(* Let $G=(V,E,X)$ be a spatial graph with $E\neq\emptyset$, let $(R,A,k)\in\mathrm{Sim}(p)$ and $G'=\psi(G,(R,A,k))=(V,E,kRX+A)$. Assume $0<\sup_{\theta\ge0} d_B(PD(G),PD(f_\theta(G)))<\infty$ and that this supremum is attained. Then for every $\theta\ge0$, $S_{k\theta}(G')=S_\theta(G)$; consequently $\arg\min_{\beta\ge0}S_\beta(G')=k\cdot\arg\min_{\theta\ge0}S_\theta(G)$. In particular, if $\theta^*$ minimizes $\theta\mapsto S_\theta(G)$, then $\beta^*=k\theta^*$ minimizes $\beta\mapsto S_\beta(G')$, and the topological spatial graph coarsening $F(G)=f_{\theta^*}(G)$ is equivariant: $$F(\psi(G,(R,A,k)))=f_{k\theta^*}(G')=\psi(F(G),(R,A,k)).$$
   Context: A spatial graph is a triple $G=(V,E,X)$ with finite node set $V$, undirected edge set $E\subseteq V\times V$, positions $x_u\in\mathbb{R}^p$, and edge lengths $\ell_{u,v}=\|x_u-x_v\|$. For $\theta\ge0$, $sub(G,\theta)=(V,\{(u,v)\in E:\ell_{u,v}\le\theta\})$. Coarsening: $f_\theta(G)=(f^V_\theta(G),f^E_\theta(G),f^X_\theta(G))$, where $f^V_\theta(G)=\{V_1,\dots,V_K\}$ is the partition of $V$ into vertex sets of connected components of $sub(G,\theta)$ (hypernodes); $f^E_\theta(G)$ contains $(V_i,V_j)$ for distinct hypernodes iff some $u\in V_i$, $v\in V_j$ have $(u,v)\in E$; positions are either average positioning $f^X_\theta(G)_i=\frac1{|V_i|}\sum_{u\in V_i}x_u$ or degree positioning $f^X_\theta(G)_i=x_u$, $u=\arg\max_{v\in V_i}\deg(v)$ (degree in $(V,E)$, ties broken by a fixed rule depending only on $(V,E)$). The coarsened graph is a spatial graph with Euclidean edge lengths between hypernode positions. Similarity action: for $R\in O_p(\mathbb{R})$, $A\in\mathbb{R}^p$, $k>0$, $\psi(G,(R,A,k))$ replaces each position $x$ by $kRx+A$ (for any spatial graph, including coarsened ones). Shortest-path distance $d_G(u,v)$: minimal total length of a path from $u$ to $v$ in $(V,E)$ ($0$ if $u=v$, $+\infty$ if none). Triangle-aware filtration $\widetilde{\mathcal C}(G)$: simplex $\sigma\subseteq V$ enters at scale $t(\sigma)$, with $t(\{u\})=0$, $t(\{u,v\})=d_G(u,v)$, $t(\{u,v,w\})=\min\{d_G(u,v)+d_G(v,w),d_G(u,w)+d_G(v,w),d_G(u,v)+d_G(u,w)\}$, and for dimension $\ge3$, $t(\sigma)$ is the max of $t$ over its codimension-one faces. $PD(G)$ is the persistence diagram (multiset of points $(r_b,r_d)$, over a fixed set of homological dimensions) of this filtration. Bottleneck distance: for diagrams $\mu,\nu$ and diagonal $\Delta=\{(a,a):a\in\mathbb{R}\}$, $d_B(\mu,\nu)=\inf_{\pi}\sup_{x}\|x-\pi(x)\|_\infty$, the infimum over bijections $\pi:\mu\cup\Delta\to\nu\cup\Delta$. Score: $S_\theta(G)=\frac{|f^E_\theta(G)|}{|E|}+\lambda(G)\,d_B(PD(G),PD(f_\theta(G)))$ with $\lambda(G)=\big[\max_{\theta\ge0}d_B(PD(G),PD(f_\theta(G)))\big]^{-1}$. The topological spatial graph coarsening is $F(G)=f_{\theta^*}(G)$ with $\theta^*\in\arg\min_{\theta\ge0}S_\theta(G)$. *)

theory Defs
  imports "HOL-Analysis.Analysis"
begin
════════
**What the task asks**.
Restate every entry exactly. Leave nothing out.

**Result of this exercise**.
(* Let $G=(V,E,X)$ be a spatial graph with $E\neq\emptyset$, let $(R,A,k)\in\mathrm{Sim}(p)$ and $G'=\psi(G,(R,A,k))=(V,E,kRX+A)$. Assume $0<\sup_{\theta\ge0} d_B(PD(G),PD(f_\theta(G)))<\infty$ and that this supremum is attained. Then for every $\theta\ge0$, $S_{k\theta}(G')=S_\theta(G)$; consequently $\arg\min_{\beta\ge0}S_\beta(G')=k\cdot\arg\min_{\theta\ge0}S_\theta(G)$. In particular, if $\theta^*$ minimizes $\theta\mapsto S_\theta(G)$, then $\beta^*=k\theta^*$ minimizes $\beta\mapsto S_\beta(G')$, and the topological spatial graph coarsening $F(G)=f_{\theta^*}(G)$ is equivariant: $$F(\psi(G,(R,A,k)))=f_{k\theta^*}(G')=\psi(F(G),(R,A,k)).$$
   Context: A spatial graph is a triple $G=(V,E,X)$ with finite node set $V$, undirected edge set $E\subseteq V\times V$, positions $x_u\in\mathbb{R}^p$, and edge lengths $\ell_{u,v}=\|x_u-x_v\|$. For $\theta\ge0$, $sub(G,\theta)=(V,\{(u,v)\in E:\ell_{u,v}\le\theta\})$. Coarsening: $f_\theta(G)=(f^V_\theta(G),f^E_\theta(G),f^X_\theta(G))$, where $f^V_\theta(G)=\{V_1,\dots,V_K\}$ is the partition of $V$ into vertex sets of connected components of $sub(G,\theta)$ (hypernodes); $f^E_\theta(G)$ contains $(V_i,V_j)$ for distinct hypernodes iff some $u\in V_i$, $v\in V_j$ have $(u,v)\in E$; positions are either average positioning $f^X_\theta(G)_i=\frac1{|V_i|}\sum_{u\in V_i}x_u$ or degree positioning $f^X_\theta(G)_i=x_u$, $u=\arg\max_{v\in V_i}\deg(v)$ (degree in $(V,E)$, ties broken by a fixed rule depending only on $(V,E)$). The coarsened graph is a spatial graph with Euclidean edge lengths between hypernode positions. Similarity action: for $R\in O_p(\mathbb{R})$, $A\in\mathbb{R}^p$, $k>0$, $\psi(G,(R,A,k))$ replaces each position $x$ by $kRx+A$ (for any spatial graph, including coarsened ones). Shortest-path distance $d_G(u,v)$: minimal total length of a path from $u$ to $v$ in $(V,E)$ ($0$ if $u=v$, $+\infty$ if none). Triangle-aware filtration $\widetilde{\mathcal C}(G)$: simplex $\sigma\subseteq V$ enters at scale $t(\sigma)$, with $t(\{u\})=0$, $t(\{u,v\})=d_G(u,v)$, $t(\{u,v,w\})=\min\{d_G(u,v)+d_G(v,w),d_G(u,w)+d_G(v,w),d_G(u,v)+d_G(u,w)\}$, and for dimension $\ge3$, $t(\sigma)$ is the max of $t$ over its codimension-one faces. $PD(G)$ is the persistence diagram (multiset of points $(r_b,r_d)$, over a fixed set of homological dimensions) of this filtration. Bottleneck distance: for diagrams $\mu,\nu$ and diagonal $\Delta=\{(a,a):a\in\mathbb{R}\}$, $d_B(\mu,\nu)=\inf_{\pi}\sup_{x}\|x-\pi(x)\|_\infty$, the infimum over bijections $\pi:\mu\cup\Delta\to\nu\cup\Delta$. Score: $S_\theta(G)=\frac{|f^E_\theta(G)|}{|E|}+\lambda(G)\,d_B(PD(G),PD(f_\theta(G)))$ with $\lambda(G)=\big[\max_{\theta\ge0}d_B(PD(G),PD(f_\theta(G)))\big]^{-1}$. The topological spatial graph coarsening is $F(G)=f_{\theta^*}(G)$ with $\theta^*\in\arg\min_{\theta\ge0}S_\theta(G)$. *)

theory Defs
  imports "HOL-Analysis.Analysis"
begin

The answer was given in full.